Task material Start Marker

lemma eventually_max_excess_decreases:
  fixes P :: "'i \<Rightarrow> 'a::euclidean_space" and r :: "'i \<Rightarrow> real" and I :: "'i set"
  defines "\<Phi> \<equiv> \<lambda>y. Max ((\<lambda>k. (dist (P k) y)\<^sup>2 - r k) ` I)"
  assumes I: "finite I" "I \<noteq> {}"
    and D: "D = convex hull (P ` {k\<in>I. (dist (P k) q)\<^sup>2 - r k = \<Phi> q})"
    and "q \<notin> D" and c: "c \<in> D" "\<forall>z\<in>D. dist q c \<le> dist q z"
  shows "\<forall>\<^sub>F t in at_right 0. \<Phi> (q + t *\<^sub>R (c - q)) < \<Phi> q"
proof -
  define y where "y t = q + t *\<^sub>R (c - q)" for t
  have "c \<noteq> q"
    using c(1) \<open>q \<notin> D\<close> by auto
  have "\<forall>\<^sub>F t in at_right 0. (dist (P k) (y t))\<^sup>2 - r k < \<Phi> q" if k: "k \<in> I" for k
  proof (cases "(dist (P k) q)\<^sup>2 - r k = \<Phi> q")
    case True
    then have "P k \<in> D"
      using k by (auto simp: D hull_inc)
    then have "inner (q - c) (P k - c) \<le> 0"
      using c by (intro any_closest_point_dot) (auto simp: D compact_imp_closed
          compact_convex_hull finite_imp_compact I(1))
    then have "dist (P k) (y t) < dist (P k) q" if "t \<in> {0<..<1}" for t
      using dist_lt_towards_obtuse_point[OF _ \<open>c \<noteq> q\<close>, where t = t and y = "P k"] that
      by (simp add: y_def dist_commute)
    then have "(dist (P k) (y t))\<^sup>2 - r k < \<Phi> q" if "t \<in> {0<..<1}" for t
      using that by (simp add: power_strict_mono flip: True)
    moreover have "\<forall>\<^sub>F t in at_right 0. t \<in> {0<..<1::real}"
      by (rule eventually_at_right_real) simp
    ultimately show ?thesis
      by (simp add: eventually_mono)
  next
    case False
    have "(dist (P k) q)\<^sup>2 - r k \<le> \<Phi> q"
      unfolding \<Phi>_def using I k by (intro Max_ge) auto
    with False have less: "(dist (P k) q)\<^sup>2 - r k < \<Phi> q"
      by simp
    have "isCont (\<lambda>t. (dist (P k) (y t))\<^sup>2 - r k) 0"
      unfolding y_def by (intro continuous_intros)
    then have "((\<lambda>t. (dist (P k) (y t))\<^sup>2 - r k) \<longlongrightarrow> (dist (P k) q)\<^sup>2 - r k) (at_right 0)"
      unfolding isCont_def y_def by (simp add: filterlim_at_split)
    from order_tendstoD(2)[OF this less] show ?thesis .
  qed
  then have "\<forall>\<^sub>F t in at_right 0. \<forall>k\<in>I. (dist (P k) (y t))\<^sup>2 - r k < \<Phi> q"
    by (intro eventually_ball_finite[OF I(1)]) blast
  then show ?thesis
  proof (rule eventually_mono)
    fix t assume "\<forall>k\<in>I. (dist (P k) (y t))\<^sup>2 - r k < \<Phi> q"
    then show "\<Phi> (q + t *\<^sub>R (c - q)) < \<Phi> q"
      using I by (simp add: \<Phi>_def y_def Max_less_iff)
  qed
qed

Task material End Marker

Work instruction:
Give the number of lines above in which the word "open" appears, and nothing more.

Response to this exercise:
2